-- Task --
Beginning at the line that contains "w z \<Longrightarrow>" and ending at the last line of the entries, write out each line exactly; include nothing outside that span.

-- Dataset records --
======
(* Let $T$ be a doubled graph in $\mathcal F$ that contains no antihole of length six. Then: (1) $T$ is either complete or has an even pair; (2) if $T$ is favorable, then $T$ has an even pair disjoint from its switchable component.
   Context: A trigraph $T$ consists of a finite set $V(T)$ and a map $\theta:\binom{V(T)}{2}\to\{-1,0,1\}$. Two distinct vertices $u,v$ are strongly adjacent if $\theta(uv)=1$, strongly antiadjacent if $\theta(uv)=-1$, and semiadjacent (a switchable pair) if $\theta(uv)=0$; they are adjacent if $\theta(uv)\in\{0,1\}$ and antiadjacent if $\theta(uv)\in\{0,-1\}$. $N(v)$ is the set of vertices adjacent to $v$. An edge (antiedge) is an adjacent (antiadjacent) pair; a strong edge (strong antiedge) is a strongly adjacent (strongly antiadjacent) pair. The complement $\overline T$ has vertex set $V(T)$ and adjacency function $-\theta$. For $X\subseteq V(T)$, $T|X$ is the trigraph on $X$ with $\theta$ restricted, and $T\setminus X=T|(V(T)\setminus X)$; $T$ contains $H$ if $H$ is isomorphic to some $T|X$. A clique is a set of pairwise adjacent vertices; $T$ is complete if $V(T)$ is a clique. A set $X$ is connected if the graph on $X$ whose edges are the adjacent pairs of $T|X$ is connected, and anticonnected if the graph on $X$ whose edges are the antiadjacent pairs of $T|X$ is connected; components (anticomponents) are maximal connected (anticonnected) subsets. A path is a sequence of distinct vertices $p_1,\dots,p_k$ such that $p_i,p_j$ are adjacent when $|i-j|=1$ and antiadjacent when $|i-j|>1$; its length is $k-1$. A hole of length $k\ge5$ consists of vertices $h_1,\dots,h_k$ with $h_i,h_j$ adjacent if $|i-j|\in\{1,k-1\}$ and antiadjacent otherwise; an antihole is an induced subtrigraph whose complement is a hole of $\overline T$ (length = number of vertices). $T$ is Berge if it contains no hole of odd length and no antihole of odd length. An even pair of $T$ is a strongly antiadjacent pair $\{u,v\}$ such that every path from $u$ to $v$ in $T$ has even length. $\Sigma(T)$ is the graph on $V(T)$ whose edges are the switchable pairs of $T$; a switchable component is a connected component of $\Sigma(T)$ with at least two vertices. $\mathcal F$ is the class of Berge trigraphs $T$ such that: (1) $T$ has at most one switchable component, and it has at most two edges; (2) if the switchable component has exactly one edge $xy$, then $N(x)\cap N(y)=\emptyset$ (it is called small); (3) if it has two edges, with $v$ the vertex of degree two in $\Sigma(T)$ and $x,y$ its neighbours, then $v$ is strongly anticomplete to $V(T)\setminus\{v,x,y\}$, $x$ is strongly antiadjacent to $y$, and $N(x)\cap N(y)=\{v\}$ (it is called light). For $T\in\mathcal F$, $D$ denotes the vertex set of its switchable component ($D=\emptyset$ if $T$ has no switchable pair). A pair $\{u,v\}$ is disjoint from the switchable component if $\{u,v\}\cap D=\emptyset$. A trigraph $T\in\mathcal F$ is favorable if (1) $|V(T)|\ge5$; (2) $T$ has a strongly antiadjacent pair $\{u,v\}$ disjoint from $D$; and (3) if $D=\{x,y\}$ is small, then at least one of $V(T)\setminus(D\cup N(x))$, $V(T)\setminus(D\cup N(y))$ is not a clique. A good partition of $T$ is a partition $(X,Y)$ of $V(T)$ such that every component of $T|X$ and every anticomponent of $T|Y$ has at most two vertices, no switchable pair has one end in $X$ and the other in $Y$, and for every component $C_x$ of $T|X$ and every anticomponent $C_y$ of $T|Y$, every vertex of $C_x\cup C_y$ is incident with at most one strong edge and at most one strong antiedge between $C_x$ and $C_y$. $T$ is a doubled graph if it has a good partition. *)

theory Defs
  imports Main
begin

definition trigraph :: "'a set \<Rightarrow> ('a \<Rightarrow> 'a \<Rightarrow> int) \<Rightarrow> bool" where
  "trigraph V \<theta> \<longleftrightarrow> finite V \<and>
     (\<forall>u\<in>V. \<forall>v\<in>V. u \<noteq> v \<longrightarrow> \<theta> u v = \<theta> v u \<and> \<theta> u v \<in> {-1, 0, 1})"

definition adj :: "('a \<Rightarrow> 'a \<Rightarrow> int) \<Rightarrow> 'a \<Rightarrow> 'a \<Rightarrow> bool" where
  "adj \<theta> u v \<longleftrightarrow> u \<noteq> v \<and> \<theta> u v \<in> {0, 1}"

definition antiadj :: "('a \<Rightarrow> 'a \<Rightarrow> int) \<Rightarrow> 'a \<Rightarrow> 'a \<Rightarrow> bool" where
  "antiadj \<theta> u v \<longleftrightarrow> u \<noteq> v \<and> \<theta> u v \<in> {0, -1}"

definition nbhd :: "'a set \<Rightarrow> ('a \<Rightarrow> 'a \<Rightarrow> int) \<Rightarrow> 'a \<Rightarrow> 'a set" where
  "nbhd V \<theta> v = {u \<in> V. adj \<theta> v u}"

definition clique :: "('a \<Rightarrow> 'a \<Rightarrow> int) \<Rightarrow> 'a set \<Rightarrow> bool" where
  "clique \<theta> X \<longleftrightarrow> (\<forall>u\<in>X. \<forall>v\<in>X. u \<noteq> v \<longrightarrow> adj \<theta> u v)"

definition complete_tg :: "'a set \<Rightarrow> ('a \<Rightarrow> 'a \<Rightarrow> int) \<Rightarrow> bool" where
  "complete_tg V \<theta> \<longleftrightarrow> clique \<theta> V"

definition is_path :: "'a set \<Rightarrow> ('a \<Rightarrow> 'a \<Rightarrow> int) \<Rightarrow> 'a list \<Rightarrow> bool" where
  "is_path V \<theta> ps \<longleftrightarrow> ps \<noteq> [] \<and> distinct ps \<and> set ps \<subseteq> V \<and>
     (\<forall>i<length ps. \<forall>j<length ps.
        (i + 1 = j \<or> j + 1 = i \<longrightarrow> adj \<theta> (ps ! i) (ps ! j)) \<and>
        (i + 1 < j \<or> j + 1 < i \<longrightarrow> antiadj \<theta> (ps ! i) (ps ! j)))"

definition is_hole :: "'a set \<Rightarrow> ('a \<Rightarrow> 'a \<Rightarrow> int) \<Rightarrow> 'a list \<Rightarrow> bool" where
  "is_hole V \<theta> hs \<longleftrightarrow> length hs \<ge> 5 \<and> distinct hs \<and> set hs \<subseteq> V \<and>
     (\<forall>i<length hs. \<forall>j<length hs. i \<noteq> j \<longrightarrow>
        (if j = Suc i mod length hs \<or> i = Suc j mod length hs
         then adj \<theta> (hs ! i) (hs ! j) else antiadj \<theta> (hs ! i) (hs ! j)))"

text \<open>Antihole: a hole of the complement trigraph (adjacency function -theta).\<close>
definition is_antihole :: "'a set \<Rightarrow> ('a \<Rightarrow> 'a \<Rightarrow> int) \<Rightarrow> 'a list \<Rightarrow> bool" where
  "is_antihole V \<theta> hs \<longleftrightarrow> is_hole V (\<lambda>u v. - \<theta> u v) hs"

definition berge :: "'a set \<Rightarrow> ('a \<Rightarrow> 'a \<Rightarrow> int) \<Rightarrow> bool" where
  "berge V \<theta> \<longleftrightarrow> trigraph V \<theta> \<and>
     \<not> (\<exists>hs. is_hole V \<theta> hs \<and> odd (length hs)) \<and>
     \<not> (\<exists>hs. is_antihole V \<theta> hs \<and> odd (length hs))"

definition even_pair :: "'a set \<Rightarrow> ('a \<Rightarrow> 'a \<Rightarrow> int) \<Rightarrow> 'a \<Rightarrow> 'a \<Rightarrow> bool" where
  "even_pair V \<theta> u v \<longleftrightarrow> u \<in> V \<and> v \<in> V \<and> u \<noteq> v \<and> \<theta> u v = -1 \<and>
     (\<forall>ps. is_path V \<theta> ps \<and> hd ps = u \<and> last ps = v \<longrightarrow> even (length ps - 1))"

definition sw_rel :: "'a set \<Rightarrow> ('a \<Rightarrow> 'a \<Rightarrow> int) \<Rightarrow> ('a \<times> 'a) set" where
  "sw_rel V \<theta> = {(u, v). u \<in> V \<and> v \<in> V \<and> u \<noteq> v \<and> \<theta> u v = 0}"

definition sw_components :: "'a set \<Rightarrow> ('a \<Rightarrow> 'a \<Rightarrow> int) \<Rightarrow> 'a set set" where
  "sw_components V \<theta> =
     {C. \<exists>v\<in>V. C = {u. (v, u) \<in> (sw_rel V \<theta>)\<^sup>*} \<and> card C \<ge> 2}"

definition sw_edges :: "'a set \<Rightarrow> ('a \<Rightarrow> 'a \<Rightarrow> int) \<Rightarrow> 'a set \<Rightarrow> 'a set set" where
  "sw_edges V \<theta> C = {{u, v} | u v. u \<in> C \<and> v \<in> C \<and> (u, v) \<in> sw_rel V \<theta>}"

text \<open>D: the vertex set of the switchable component (empty if there is none).\<close>
definition sw_D :: "'a set \<Rightarrow> ('a \<Rightarrow> 'a \<Rightarrow> int) \<Rightarrow> 'a set" where
  "sw_D V \<theta> = \<Union> (sw_components V \<theta>)"

definition class_F :: "'a set \<Rightarrow> ('a \<Rightarrow> 'a \<Rightarrow> int) \<Rightarrow> bool" where
  "class_F V \<theta> \<longleftrightarrow> berge V \<theta> \<and>
     (\<forall>C\<in>sw_components V \<theta>. \<forall>C'\<in>sw_components V \<theta>. C = C') \<and>
     (\<forall>C\<in>sw_components V \<theta>.
        card (sw_edges V \<theta> C) \<le> 2 \<and>
        (\<forall>x y. sw_edges V \<theta> C = {{x, y}} \<longrightarrow> nbhd V \<theta> x \<inter> nbhd V \<theta> y = {}) \<and>
        (\<forall>v x y. x \<noteq> y \<and> sw_edges V \<theta> C = {{v, x}, {v, y}} \<longrightarrow>
           (\<forall>w\<in>V - {v, x, y}. \<theta> v w = -1) \<and> \<theta> x y = -1 \<and>
           nbhd V \<theta> x \<inter> nbhd V \<theta> y = {v}))"

definition favorable :: "'a set \<Rightarrow> ('a \<Rightarrow> 'a \<Rightarrow> int) \<Rightarrow> bool" where
  "favorable V \<theta> \<longleftrightarrow> class_F V \<theta> \<and> card V \<ge> 5 \<and>
     (\<exists>u\<in>V. \<exists>v\<in>V. u \<noteq> v \<and> \<theta> u v = -1 \<and> u \<notin> sw_D V \<theta> \<and> v \<notin> sw_D V \<theta>) \<and>
     (\<forall>x y. x \<noteq> y \<and> sw_D V \<theta> = {x, y} \<longrightarrow>
        \<not> clique \<theta> (V - (sw_D V \<theta> \<union> nbhd V \<theta> x)) \<or>
        \<not> clique \<theta> (V - (sw_D V \<theta> \<union> nbhd V \<theta> y)))"

text \<open>Components of T|X w.r.t. a relation R (adjacency gives components,
  antiadjacency gives anticomponents).\<close>
definition comps_of :: "'a set \<Rightarrow> ('a \<Rightarrow> 'a \<Rightarrow> bool) \<Rightarrow> 'a set set" where
  "comps_of X R = {{u \<in> X. (v, u) \<in> {(a, b). a \<in> X \<and> b \<in> X \<and> R a b}\<^sup>*} | v. v \<in> X}"

definition good_partition :: "'a set \<Rightarrow> ('a \<Rightarrow> 'a \<Rightarrow> int) \<Rightarrow> 'a set \<Rightarrow> 'a set \<Rightarrow> bool" where
  "good_partition V \<theta> X Y \<longleftrightarrow> X \<union> Y = V \<and> X \<inter> Y = {} \<and>
     (\<forall>C\<in>comps_of X (adj \<theta>). card C \<le> 2) \<and>
     (\<forall>C\<in>comps_of Y (antiadj \<theta>). card C \<le> 2) \<and>
     (\<forall>x\<in>X. \<forall>y\<in>Y. \<theta> x y \<noteq> 0) \<and>
     (\<forall>Cx\<in>comps_of X (adj \<theta>). \<forall>Cy\<in>comps_of Y (antiadj \<theta>). \<forall>w\<in>Cx \<union> Cy.
        card {z. ((w \<in> Cx \<and> z \<in> Cy) \<or> (w \<in> Cy \<and> z \<in> Cx)) \<and> \<theta> w z = 1} \<le> 1 \<and>
        card {z. ((w \<in> Cx \<and> z \<in> Cy) \<or> (w \<in> Cy \<and> z \<in> Cx)) \<and> \<theta> w z = -1} \<le> 1)"

definition doubled_graph :: "'a set \<Rightarrow> ('a \<Rightarrow> 'a \<Rightarrow> int) \<Rightarrow> bool" where
  "doubled_graph V \<theta> \<longleftrightarrow> (\<exists>X Y. good_partition V \<theta> X Y)"

end

theory Submission
  imports Defs
begin

text \<open>
  In a good partition \<open>(X, Y)\<close>, \<open>T|X\<close> is a matching and \<open>T|Y\<close> the complement of one, all
  pairs between \<open>X\<close> and \<open>Y\<close> are strong, and every vertex of \<open>X\<close> is strongly adjacent to
  exactly one end of each antiedge inside \<open>Y\<close> (dually for \<open>Y\<close> and the edges inside \<open>X\<close>).

  Evenness of a strong antiedge \<open>uv\<close> is certified locally: the third vertex of any path from
  \<open>u\<close> to \<open>v\<close> with at least four vertices lies in \<open>third_candidates V \<theta> u v\<close>. If that set is
  empty, or if it and \<open>third_candidates V \<theta> v u\<close> lie in a common singleton, then every such
  path has exactly five vertices, and \<open>uv\<close> is an even pair.

  An edge of \<open>X\<close> together with two disjoint antiedges of \<open>Y\<close> induces an antihole of length six,
  so once \<open>X\<close> has an edge, every vertex of \<open>Y\<close> outside a single antiedge is strongly adjacent
  to the rest of \<open>Y\<close>. What remains is a case analysis on the edges of \<open>X\<close> and the antiedges
  of \<open>Y\<close>, each case either exhibiting a pair that meets the certificate or showing that \<open>T\<close> is
  complete; for favorable \<open>T\<close> it is carried out relative to the unique switchable pair.
\<close>

definition third_candidates :: "'a set \<Rightarrow> ('a \<Rightarrow> 'a \<Rightarrow> int) \<Rightarrow> 'a \<Rightarrow> 'a \<Rightarrow> 'a set" where
  "third_candidates V \<theta> u v =
     {z \<in> V. z \<noteq> u \<and> z \<noteq> v \<and> \<theta> z u \<noteq> 1 \<and> (\<exists>w\<in>V. adj \<theta> u w \<and> \<theta> w v \<noteq> 1 \<and> adj \<theta> w z)}"

lemma third_candidates_emptyI:
  assumes "\<And>w z. w \<in> V \<Longrightarrow> z \<in> V \<Longrightarrow> adj \<theta> u w \<Longrightarrow> \<theta> w v \<noteq> 1 \<Longrightarrow> adj \<theta> w z \<Longrightarrow>
      z \<noteq> u \<Longrightarrow> z \<noteq> v \<Longrightarrow> \<theta> z u \<noteq> 1 \<Longrightarrow> False"
  shows "third_candidates V \<theta> u v = {}"
  using assms unfolding third_candidates_def by blast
======
-- Expected answer --
  assumes "\<And>w z. w \<in> V \<Longrightarrow> z \<in> V \<Longrightarrow> adj \<theta> u w \<Longrightarrow> \<theta> w v \<noteq> 1 \<Longrightarrow> adj \<theta> w z \<Longrightarrow>
      z \<noteq> u \<Longrightarrow> z \<noteq> v \<Longrightarrow> \<theta> z u \<noteq> 1 \<Longrightarrow> False"
  shows "third_candidates V \<theta> u v = {}"
  using assms unfolding third_candidates_def by blast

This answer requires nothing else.